The sun gear 41 is provided at the end of the central shaft 61 and is rotated by sun gear rotating means 60. That is, the sun gear rotating means 60 includes an oil pump (drive source) 52 driven by the rotation of the drive shaft 10, and a piston-type hydraulic motor (drive source) 53 that is supplied with high-pressure oil from the oil pump 52 and rotates. And a control means 51 for adjusting the rotation speed and the rotation direction by adjusting the angle of the swash plate of the hydraulic motor 53 and the like, and the central shaft 61 is rotated by the hydraulic motor 53. That is, the rotation speed and the rotation direction of the central shaft 61 (sun gear 41) can be adjusted by the control means 51. (Note that the planetary gear mechanism 40 and the gear train 70 are lubricated by being supplied with oil by the oil supply pump 30 operated by the gear 30a.)

Although the control means 51 may be operated manually, it detects the discharge water amount and discharge water pressure of the pump S which is connected to and driven by the output shaft 20, and supplies a constant water amount or water pressure based on this detection signal. Such automatic control is also possible.

The impeller variable speed pump constructed as described above operates as follows. First, when the prime mover E is driven and the drive shaft 10 is rotated, the drive transmission shaft 12 is rotated via the gear 10a and the gear 71, and the drive gear 11 rotates the gear 52a and the gear 30a. The rotation of the gear 52a drives the oil pump 52, and the oil pump 52 drives the hydraulic motor 53. The speed and direction of the rotation of the hydraulic motor 53 are adjusted by the control means 51, and the rotation rotates the central shaft 61, thereby rotating the sun gear 41 at an arbitrary rotation speed and direction.

While the sun gear 41 is rotated in this manner, the ring gear 44 is rotated by the gear 72.
The planetary gear 42 meshing with the ring gear 44 revolves while meshing with the sun gear 41 and revolves around the planetary frame 43.
And the output shaft 20 is rotated. This output shaft 20
Is changed from the rotation speed of the drive shaft 10 in accordance with the number of teeth of each gear constituting the planetary gear mechanism 40. That is, since the rotation speed of the planetary frame 43 is the sum or difference of the rotation speeds of the sun gear 41 and the ring gear 44, the rotation speed of the sun gear 41 and the rotation speed of the sun gear 41 are controlled by the control unit 51 for the ring gear 44 rotated at a constant speed. By adjusting the rotation direction, the revolution speed of the planetary gear 42, that is, the planetary frame 4
3, the rotation speed of the output shaft 20 can be controlled.

For example, the number of teeth of the inner teeth 44a of the sun gear 41 and the ring gear 44 is ZS1, ZS2 (ZS1 <
Suppose that the sun gear 41 is given a rotation speed of nS1 as ZS2). When the ring gear 44 is not rotated, the rotation speed nA1 of the planet frame 43 is nA1 = nS1 / (1+ (ZS2 / ZS1)).

Conversely, when the sun gear 41 is not rotated and the ring gear 44 is given a rotation speed of nS2, the planetary frame 43
Is the rotation speed nA2 of nA2 = nS2 / (1+ (ZS1 / ZS2)).

Therefore, the sun gear 41 and the ring gear 4
4 are nS1 and nS2 respectively, the planetary frame 4
The rotation speed nA of 3 is as follows: nA = nS1 / (1+ (ZS2 / ZS1)) + nS2 /
(1+ (ZS1 / ZS2)) Since nS2, ZS1, and ZS2 are constant, the rotation speed (= nA) of the output shaft 20 changes according to the rotation speed nS1 of the sun gear 41.
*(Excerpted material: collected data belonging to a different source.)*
lemma sum_B_weight_square_alt_sign:
  assumes N: "N \<ge> 1"
  shows "(\<Sum>l\<in>{1..2*N}. B_weight N l * alt_sign l * B_weight N l) = 2 * alpha1 N"
proof -
  have "(\<Sum>l\<in>{1..2*N}. B_weight N l * alt_sign l * B_weight N l)
      = (\<Sum>l\<in>{1..2*N}. (if l = 1 then B_weight N 1 * alt_sign 1 * B_weight N 1 else 0)
          + alpha2 N * (B_weight N l * alt_sign l * (if l \<le> 1 then 0 else 1)))"
    by (intro sum.cong) (auto simp: B_weight_def)
  also have "\<dots> = B_weight N 1 * alt_sign 1 * B_weight N 1 + alpha2 N * (alpha2 N * (-1))"
    using N sum_B_weight_alt_sign_above[of 1 N] by (simp add: sum.distrib sum_distrib_left[symmetric])
  also have "\<dots> = 2 * alpha1 N"
    using N by (simp add: B_weight_def alt_sign_def alpha2_def alpha1_def field_simps power2_eq_square)
  finally show ?thesis .
qed

text \<open>beta^{[1]} is constant on the pairs {2s-1, 2s}, and B_weight is constant from 2 on,
  so the alternating sum telescopes to zero.\<close>
lemma sum_B_weight_alt_sign_beta1: "(\<Sum>l\<in>{1..2*n}. B_weight N l * alt_sign l * beta1 q qh l m) = 0"
proof -
  have pairs: "(\<Sum>l\<in>{1..2*n}. B_weight N l * alt_sign l * (1 - of_nat ((l + 1) div 2))) = 0"
  proof (induction n)
    case (Suc n)
    have "{1..2 * Suc n} = insert (Suc (Suc (2 * n))) (insert (Suc (2 * n)) {1..2*n})" by auto
    moreover have "(Suc (2 * n) + 1) div 2 = Suc n" "(Suc (Suc (2 * n)) + 1) div 2 = Suc n" by auto
    ultimately show ?case using Suc by (cases n) (auto simp: B_weight_def alt_sign_Suc)
  qed simp
  have "(\<Sum>l\<in>{1..2*n}. B_weight N l * alt_sign l * beta1 q qh l m)
      = (2 / qnum q (int m) * inverse qh ^ (3 * m) * theta m)
        * (\<Sum>l\<in>{1..2*n}. B_weight N l * alt_sign l * (1 - of_nat ((l + 1) div 2)))"
    unfolding sum_distrib_left by (intro sum.cong refl) (simp add: beta1_def divide_inverse algebra_simps)
  then show ?thesis unfolding pairs by simp
qed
As described above, the rotation of the output shaft 20 transmitted from the drive shaft 10 can be changed only by adjusting the speed of the hydraulic motor 53 driven by the drive shaft 10 rotating at a constant speed. An oil pump 30 for supplying oil to the planetary gear mechanism 40 and an oil pump 5 for driving the hydraulic motor 53 are provided.
2 can be driven by the rotation of the drive shaft 10,
Since the structure is simple, maintenance of the device is easy.
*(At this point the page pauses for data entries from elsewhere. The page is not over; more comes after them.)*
lemma Uang_product:
  assumes U: "U = {x. length x = length \<alpha> \<and> (\<forall>i<length \<alpha>. x!i \<in> Us i)}"
  shows "Uang U \<alpha> = {x. length x = length \<alpha> + sum_list \<alpha> \<and> (\<forall>p<length x. x!p \<in> Us (block_of \<alpha> p))}"
proof -
  have pt_in_U: "pt \<alpha> x \<iota> \<in> U \<longleftrightarrow> (\<forall>l<length \<alpha>. x ! (blk_offset \<alpha> l + \<iota>!l) \<in> Us l)" for x \<iota>
    by (simp add: U pt_def blk_eq_nth)
  have "(\<forall>\<iota>\<in>midx \<alpha>. pt \<alpha> x \<iota> \<in> U) \<longleftrightarrow> (\<forall>p<length x. x!p \<in> Us (block_of \<alpha> p))"
    if len: "length x = length \<alpha> + sum_list \<alpha>" for x
  proof
    assume all: "\<forall>\<iota>\<in>midx \<alpha>. pt \<alpha> x \<iota> \<in> U"
    show "\<forall>p<length x. x!p \<in> Us (block_of \<alpha> p)"
    proof (intro allI impI)
      fix p assume "p < length x"
      then have l: "block_of \<alpha> p < length \<alpha>" and p: "blk_offset \<alpha> (block_of \<alpha> p) \<le> p"
        and m: "p - blk_offset \<alpha> (block_of \<alpha> p) \<le> \<alpha> ! block_of \<alpha> p"
        using block_of_less[of p \<alpha>] len by auto
      define \<iota> where "\<iota> = (replicate (length \<alpha>) 0)[block_of \<alpha> p := p - blk_offset \<alpha> (block_of \<alpha> p)]"
      have "\<iota> \<in> midx \<alpha>" unfolding \<iota>_def using m by (intro midx_update) (auto simp: midx_def)
      then show "x!p \<in> Us (block_of \<alpha> p)"
        using all pt_in_U l p by (fastforce simp: \<iota>_def)
    qed
  next
    assume all: "\<forall>p<length x. x!p \<in> Us (block_of \<alpha> p)"
    have "x ! (blk_offset \<alpha> l + \<iota>!l) \<in> Us l" if "\<iota> \<in> midx \<alpha>" and l: "l < length \<alpha>" for \<iota> l
    proof -
      have m: "\<iota>!l \<le> \<alpha>!l" using that by (simp add: midx_def)
      have "blk_offset \<alpha> l + \<iota>!l < length x" using blk_offset_less[OF l m] len by simp
      then show ?thesis using all block_of_blk_offset[OF l m] by metis
    qed
    then show "\<forall>\<iota>\<in>midx \<alpha>. pt \<alpha> x \<iota> \<in> U" by (simp add: pt_in_U)
  qed
  then show ?thesis unfolding Uang_def by blast
qed

lemma Uang_subset_closure_Urev_product:
  assumes tf: "topological_field TYPE('k::{field,t2_space})"
    and Us: "\<forall>i<length \<alpha>. Us i \<subseteq> closure (interior (Us i))"
    and U: "U = {x :: 'k list. length x = length \<alpha> \<and> (\<forall>i<length \<alpha>. x!i \<in> Us i)}"
  shows "Uang U \<alpha> \<subseteq> ltop closure_of Urev U \<alpha>"
proof
  fix x assume x: "x \<in> Uang U \<alpha>"
  show "x \<in> ltop closure_of Urev U \<alpha>"
  proof (rule in_closure_Urev[OF tf x])
    fix p assume p: "p < length x"
    then have "block_of \<alpha> p < length \<alpha>" using block_of_less[of p \<alpha>] x by (simp add: Uang_def)
    moreover have "x!p \<in> Us (block_of \<alpha> p)" using x p by (simp add: Uang_product[OF U])
    ultimately show
      "open (interior (Us (block_of \<alpha> p))) \<and> x!p \<in> closure (interior (Us (block_of \<alpha> p)))"
      using Us by blast
  next
    show "{y. length y = length x \<and> (\<forall>p<length x. y!p \<in> interior (Us (block_of \<alpha> p)))} \<subseteq> Uang U \<alpha>"
      using x interior_subset by (fastforce simp: Uang_product[OF U])
  qed
qed

lemma fang_eq_extension:
  fixes smul :: "'k::{field,t2_space} \<Rightarrow> 'f::{ab_group_add,t2_space} \<Rightarrow> 'f"
  assumes h: "lcont (Uang U \<alpha>) h" "\<And>y. y \<in> Urev U \<alpha> \<Longrightarrow> h y = frev smul \<alpha> f y"
    and dense: "Uang U \<alpha> \<subseteq> ltop closure_of Urev U \<alpha>" and x: "x \<in> Uang U \<alpha>"
  shows "fang smul U \<alpha> f x = h x"
proof -
  define P where "P g \<longleftrightarrow> lcont (Uang U \<alpha>) g \<and> (\<forall>y\<in>Urev U \<alpha>. g y = frev smul \<alpha> f y)" for g
  have "P h" using h by (simp add: P_def)
  then have "P (fang smul U \<alpha> f)"
    unfolding fang_def P_def[symmetric] by (rule someI[where P = P])
  then have fang: "lcont (Uang U \<alpha>) (fang smul U \<alpha> f)"
    "\<And>y. y \<in> Urev U \<alpha> \<Longrightarrow> fang smul U \<alpha> f y = frev smul \<alpha> f y"
    by (simp_all add: P_def)
  have Urev: "Uang U \<alpha> \<inter> Urev U \<alpha> = Urev U \<alpha>" by (auto simp: Urev_def)
  have "x \<in> subtopology ltop (Uang U \<alpha>) closure_of Urev U \<alpha>"
    unfolding closure_of_subtopology Urev using dense x by blast
  then show ?thesis
  proof (rule forall_in_closure_of_eq[OF _ Hausdorff_space_euclidean_t2])
    show "continuous_map (subtopology ltop (Uang U \<alpha>)) euclidean (fang smul U \<alpha> f)"
      using fang(1) by (simp add: lcont_def)
    show "continuous_map (subtopology ltop (Uang U \<alpha>)) euclidean h"
      using h(1) by (simp add: lcont_def)
    show "fang smul U \<alpha> f y = h y" if "y \<in> Urev U \<alpha>" for y
      using fang(2) h(2) that by simp
  qed
qed

lemma fang_eq_dj_divdiff_chart:
  fixes smul :: "'k::{field,t2_space} \<Rightarrow> 'f::{ab_group_add,t2_space} \<Rightarrow> 'f"
  assumes tf: "topological_field TYPE('k)" and \<theta>: "divdiff_chart smul U \<alpha> \<theta>"
    and f: "Ck smul (sum_list \<alpha>) U f"
    and dense: "Uang U \<alpha> \<subseteq> ltop closure_of Urev U \<alpha>" and x: "x \<in> Uang U \<alpha>"
  shows "fang smul U \<alpha> f x = dj smul (sum_list \<alpha>) U f (\<theta> x)"
proof (rule fang_eq_extension[OF _ _ dense x])
  have aff: "affine_lmap (length \<alpha> + sum_list \<alpha>) (brdim (length \<alpha>) (sum_list \<alpha>)) \<theta>"
    and img: "\<theta> ` Uang U \<alpha> \<subseteq> brj (sum_list \<alpha>) U"
    using \<theta> by (auto simp: divdiff_chart_def)
  have "continuous_map (subtopology ltop (Uang U \<alpha>)) ltop \<theta>"
    by (rule continuous_map_affine_lmap[OF tf aff]) (auto simp: Uang_def)
  then have \<theta>_cont:
    "continuous_map (subtopology ltop (Uang U \<alpha>)) (subtopology ltop (brj (sum_list \<alpha>) U)) \<theta>"
    using img by (auto simp: continuous_map_in_subtopology topspace_ltop)
  have "continuous_map (subtopology ltop (brj (sum_list \<alpha>) U)) euclidean (dj smul (sum_list \<alpha>) U f)"
    using Ck_imp_lcont[OF Ck_dj[of smul "sum_list \<alpha>" 0 U f]] f by (simp add: lcont_def)
  then show "lcont (Uang U \<alpha>) (\<lambda>y. dj smul (sum_list \<alpha>) U f (\<theta> y))"
    unfolding lcont_def using continuous_map_compose[OF \<theta>_cont] by (simp add: o_def)
  show "dj smul (sum_list \<alpha>) U f (\<theta> y) = frev smul \<alpha> f y" if "y \<in> Urev U \<alpha>" for y
    using \<theta> f that by (simp add: divdiff_chart_def)
qed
FIG. 3 shows another embodiment of the present invention. This uses an electric motor 55 that can rotate the sun gear 41 and can adjust the rotation speed, and is easier to maintain than the hydraulic motor 53. In this embodiment, by using the electric motor 55, it is necessary to further provide a motor driving power supply 56. However, since the power required to rotate the sun gear 41 is small, maintenance is easy without increasing the size of the apparatus. Implements a variable impeller variable speed pump.
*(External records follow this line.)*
lemma grp_image_block:
  assumes b: "b \<in> T"
  shows "grp ` b = grp ` S"
proof -
  have "card (grp ` b) = 3"
    using card_image[OF block_transversal[OF b]] card_block[OF b] by simp
  moreover have "grp ` b \<subseteq> grp ` S"
    using block_subset[OF b] by blast
  ultimately show ?thesis
    using card_subset_eq[of "grp ` S" "grp ` b"] finite_points card_groups by simp
qed

lemma block_meets_group:
  assumes "b \<in> T" "p \<in> S"
  obtains x where "x \<in> b" "grp x = grp p"
proof -
  have "grp p \<in> grp ` b" using grp_image_block[OF assms(1)] assms(2) by simp
  then obtain x where "x \<in> b" "grp p = grp x" by (rule imageE)
  then show ?thesis using that by simp
qed

lemma eq_if_same_group: "b \<in> T \<Longrightarrow> x \<in> b \<Longrightarrow> y \<in> b \<Longrightarrow> grp x = grp y \<Longrightarrow> x = y"
  using block_transversal unfolding inj_on_def by blast

lemma block_through:
  assumes "p \<in> S" "q \<in> S" "grp p \<noteq> grp q"
  obtains b where "b \<in> T" "p \<in> b" "q \<in> b"
  using unique_block[OF assms] by blast

lemma block_eq:
  assumes "b \<in> T" "b' \<in> T" "p \<in> b" "q \<in> b" "p \<in> b'" "q \<in> b'" "grp p \<noteq> grp q"
  shows "b = b'"
proof -
  have "p \<in> S" "q \<in> S" using assms block_subset by auto
  from unique_block[OF this assms(7)] obtain c
    where "\<forall>c'. c' \<in> T \<and> p \<in> c' \<and> q \<in> c' \<longrightarrow> c' = c"
    by (elim ex1E) blast
  then show ?thesis using assms by blast
qed

lemma card_blocks_through:
  assumes a: "a \<in> S"
  shows "card {b \<in> T. a \<in> b} = 3"
proof -
  have "grp ` S \<noteq> {grp a}" using card_groups by force
  then obtain v where v: "v \<in> grp ` S" "v \<noteq> grp a" using a by blast
  define G where "G = {q \<in> S. grp q = v}"
  define F where "F q = (THE b. b \<in> T \<and> a \<in> b \<and> q \<in> b)" for q
  have F: "F q \<in> T" "a \<in> F q" "q \<in> F q" if q: "q \<in> G" for q
  proof -
    have "\<exists>!b. b \<in> T \<and> a \<in> b \<and> q \<in> b"
      using unique_block[OF a] q v unfolding G_def by simp
    from theI'[OF this] show "F q \<in> T" "a \<in> F q" "q \<in> F q" unfolding F_def by simp_all
  qed
  have "inj_on F G"
  proof (rule inj_onI)
    fix q q' assume "q \<in> G" "q' \<in> G" "F q = F q'"
    then show "q = q'" using eq_if_same_group[of "F q" q q'] F[of q] F[of q'] unfolding G_def by simp
  qed
  moreover have "F ` G = {b \<in> T. a \<in> b}"
  proof
    show "F ` G \<subseteq> {b \<in> T. a \<in> b}" using F by blast
    show "{b \<in> T. a \<in> b} \<subseteq> F ` G"
    proof
      fix b assume b: "b \<in> {b \<in> T. a \<in> b}"
      obtain q where q: "q \<in> b" "grp q = v"
        using grp_image_block[of b] b v by (metis imageE mem_Collect_eq)
      have qG: "q \<in> G" using q b block_subset unfolding G_def by blast
      have "F q = b" using block_eq[of "F q" b a q] F[OF qG] b q v by simp
      then show "b \<in> F ` G" using qG by blast
    qed
  qed
  ultimately have "card {b \<in> T. a \<in> b} = card G" using card_image by fastforce
  then show ?thesis using card_group[OF v(1)] unfolding G_def by simp
qed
It should be noted that the shapes, combinations, and the like of the components shown in the above-described embodiment are merely examples, and can be variously changed without departing from the spirit of the present invention. In the above embodiment, the rotation speed of the output shaft 20 is controlled by adjusting the rotation speed of the hydraulic motor 53. However, the oil pressure of the oil pump 52 may be adjusted, or the speed of the hydraulic motor 53 and the capacity of the oil pump 52 may be adjusted. May be adjusted together. Further, a plurality of gear trains having different speed ratios may be provided between the hydraulic motor 53 and the central shaft 61, and the rotation speed of the sun gear 41 may be adjusted by switching these gear trains. Further, the drive transmission system for transmitting the rotation of the drive shaft 10 does not need to use the gear train 70, and may be, for example, a belt or a chain.

[0023]

As described above, in the impeller variable speed pump according to the first aspect, the rotation of the drive shaft is reduced and transmitted to the output shaft via the planetary gear mechanism, and the sunshade of the planetary gear mechanism is reduced. By adjusting the rotation of the gears, it is possible to provide a low-cost impeller variable speed pump that can efficiently control the rotation of the output shaft without providing a large-scale device.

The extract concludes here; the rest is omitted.